*** Opening of Source data ***
lemma eval_compile: "closed k e \<Longrightarrow> length xs = k \<Longrightarrow> eval (compile k e) xs (aval e xs)"
proof (induction e arbitrary: k xs)
  case (V i) then show ?case by (auto intro: eval_ProjI)
next
  case (C c) then show ?case by (simp add: eval_const_recf)
next
  case (Plus a b) then show ?case by (auto intro!: eval_Comp_pair eval_add_recf)
next
  case (Times a b) then show ?case by (auto intro!: eval_Comp_pair eval_mult_recf)
next
  case (Monus a b) then show ?case by (auto intro!: eval_Comp_pair eval_monus_recf)
next
  case (Sum b e)
  let ?step = "Comp add_recf [Proj 0, Comp (compile (Suc k) e) (map Proj [1..<1 + Suc k])]"
  have "eval ?step (acc # j # xs) (acc + aval e (j # xs))" for acc j
    by (rule eval_compile_Sum_step[where F="(+)"]) (use Sum in \<open>auto intro: eval_add_recf\<close>)
  then have "eval (Prim Zf ?step) (n # xs) (rec_nat 0 (\<lambda>j acc. acc + aval e (j # xs)) n)" for n
    by (intro eval_Prim_rec_nat ev_Z)
  moreover have "rec_nat 0 (\<lambda>j acc. acc + f j) n = (\<Sum>u<n. f u)" for f :: "nat \<Rightarrow> nat" and n
    by (induction n) auto
  ultimately have "eval (Prim Zf ?step) (aval b xs # xs) (aval (Sum b e) xs)" by simp
  then show ?case unfolding compile.simps by (rule eval_Comp_Cons) (use Sum in auto)
next
  case (Prod b e)
  let ?step = "Comp mult_recf [Proj 0, Comp (compile (Suc k) e) (map Proj [1..<1 + Suc k])]"
  have "eval ?step (acc # j # xs) (acc * aval e (j # xs))" for acc j
    by (rule eval_compile_Sum_step[where F="(*)"]) (use Prod in \<open>auto intro: eval_mult_recf\<close>)
  then have "eval (Prim (const_recf 1) ?step) (n # xs) (rec_nat 1 (\<lambda>j acc. acc * aval e (j # xs)) n)" for n
    by (intro eval_Prim_rec_nat eval_const_recf)
  moreover have "rec_nat 1 (\<lambda>j acc. acc * f j) n = (\<Prod>u<n. f u)" for f :: "nat \<Rightarrow> nat" and n
    by (induction n) auto
  ultimately have "eval (Prim (const_recf 1) ?step) (aval b xs # xs) (aval (Prod b e) xs)" by simp
  then show ?case unfolding compile.simps by (rule eval_Comp_Cons) (use Prod in auto)
next
  case (Rec n b s)
  have "eval (Prim (compile k b) (compile (Suc (Suc k)) s)) (m # xs)
     (rec_nat (aval b xs) (\<lambda>j acc. aval s (acc # j # xs)) m)" for m
    by (rule eval_Prim_rec_nat) (use Rec in auto)
  then show ?case unfolding compile.simps aval.simps by (rule eval_Comp_Cons) (use Rec in auto)
next
  case (Call f es)
  then show ?case
    by (auto intro!: eval_CompI[where ys="map (\<lambda>e. aval e xs) es"])
qed

lemma re_set_aexp_zeros:
  assumes "closed 2 e"
  shows "re_set {x. \<exists>m. aval e [m, x] = 0}"
proof -
  let ?f = "compile 2 e"
  have ev: "eval ?f [m, x] (aval e [m, x])" for m x
    by (rule eval_compile) (use assms in auto)
  have "(\<exists>m. aval e [m, x] = 0) \<longleftrightarrow> (\<exists>y. eval (Mn ?f) [x] y)" for x
  proof
    assume "\<exists>m. aval e [m, x] = 0"
    then have least: "aval e [LEAST m. aval e [m, x] = 0, x] = 0" by (rule LeastI_ex)
    have "\<forall>m < (LEAST m. aval e [m, x] = 0). \<exists>y. eval ?f [m, x] (Suc y)"
      by (metis ev not_less_Least not0_implies_Suc)
    then show "\<exists>y. eval (Mn ?f) [x] y" using ev least by (metis ev_Mn)
  next
    assume "\<exists>y. eval (Mn ?f) [x] y"
    then obtain y where "eval ?f [y, x] 0" by (auto elim: eval_MnE)
    then show "\<exists>m. aval e [m, x] = 0" using ev eval_deterministic by blast
  qed
  then show ?thesis unfolding re_set_def by blast
qed

definition sg_exp :: "aexp \<Rightarrow> aexp" where
  "sg_exp e = Monus (C 1) (Monus (C 1) e)"

definition not_exp :: "aexp \<Rightarrow> aexp" where
  "not_exp e = Monus (C 1) e"

definition eq_exp :: "aexp \<Rightarrow> aexp \<Rightarrow> aexp" where
  "eq_exp a b = not_exp (Plus (Monus a b) (Monus b a))"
*** Close of Source data ***
• What you are asked to do: Starting from the line with "k)) s)) (m # xs)", write out every remaining line of the data above exactly, the final line included, and nothing before it.

• Task result:
  have "eval (Prim (compile k b) (compile (Suc (Suc k)) s)) (m # xs)
     (rec_nat (aval b xs) (\<lambda>j acc. aval s (acc # j # xs)) m)" for m
    by (rule eval_Prim_rec_nat) (use Rec in auto)
  then show ?case unfolding compile.simps aval.simps by (rule eval_Comp_Cons) (use Rec in auto)
next
  case (Call f es)
  then show ?case
    by (auto intro!: eval_CompI[where ys="map (\<lambda>e. aval e xs) es"])
qed

lemma re_set_aexp_zeros:
  assumes "closed 2 e"
  shows "re_set {x. \<exists>m. aval e [m, x] = 0}"
proof -
  let ?f = "compile 2 e"
  have ev: "eval ?f [m, x] (aval e [m, x])" for m x
    by (rule eval_compile) (use assms in auto)
  have "(\<exists>m. aval e [m, x] = 0) \<longleftrightarrow> (\<exists>y. eval (Mn ?f) [x] y)" for x
  proof
    assume "\<exists>m. aval e [m, x] = 0"
    then have least: "aval e [LEAST m. aval e [m, x] = 0, x] = 0" by (rule LeastI_ex)
    have "\<forall>m < (LEAST m. aval e [m, x] = 0). \<exists>y. eval ?f [m, x] (Suc y)"
      by (metis ev not_less_Least not0_implies_Suc)
    then show "\<exists>y. eval (Mn ?f) [x] y" using ev least by (metis ev_Mn)
  next
    assume "\<exists>y. eval (Mn ?f) [x] y"
    then obtain y where "eval ?f [y, x] 0" by (auto elim: eval_MnE)
    then show "\<exists>m. aval e [m, x] = 0" using ev eval_deterministic by blast
  qed
  then show ?thesis unfolding re_set_def by blast
qed

definition sg_exp :: "aexp \<Rightarrow> aexp" where
  "sg_exp e = Monus (C 1) (Monus (C 1) e)"

definition not_exp :: "aexp \<Rightarrow> aexp" where
  "not_exp e = Monus (C 1) e"

definition eq_exp :: "aexp \<Rightarrow> aexp \<Rightarrow> aexp" where
  "eq_exp a b = not_exp (Plus (Monus a b) (Monus b a))"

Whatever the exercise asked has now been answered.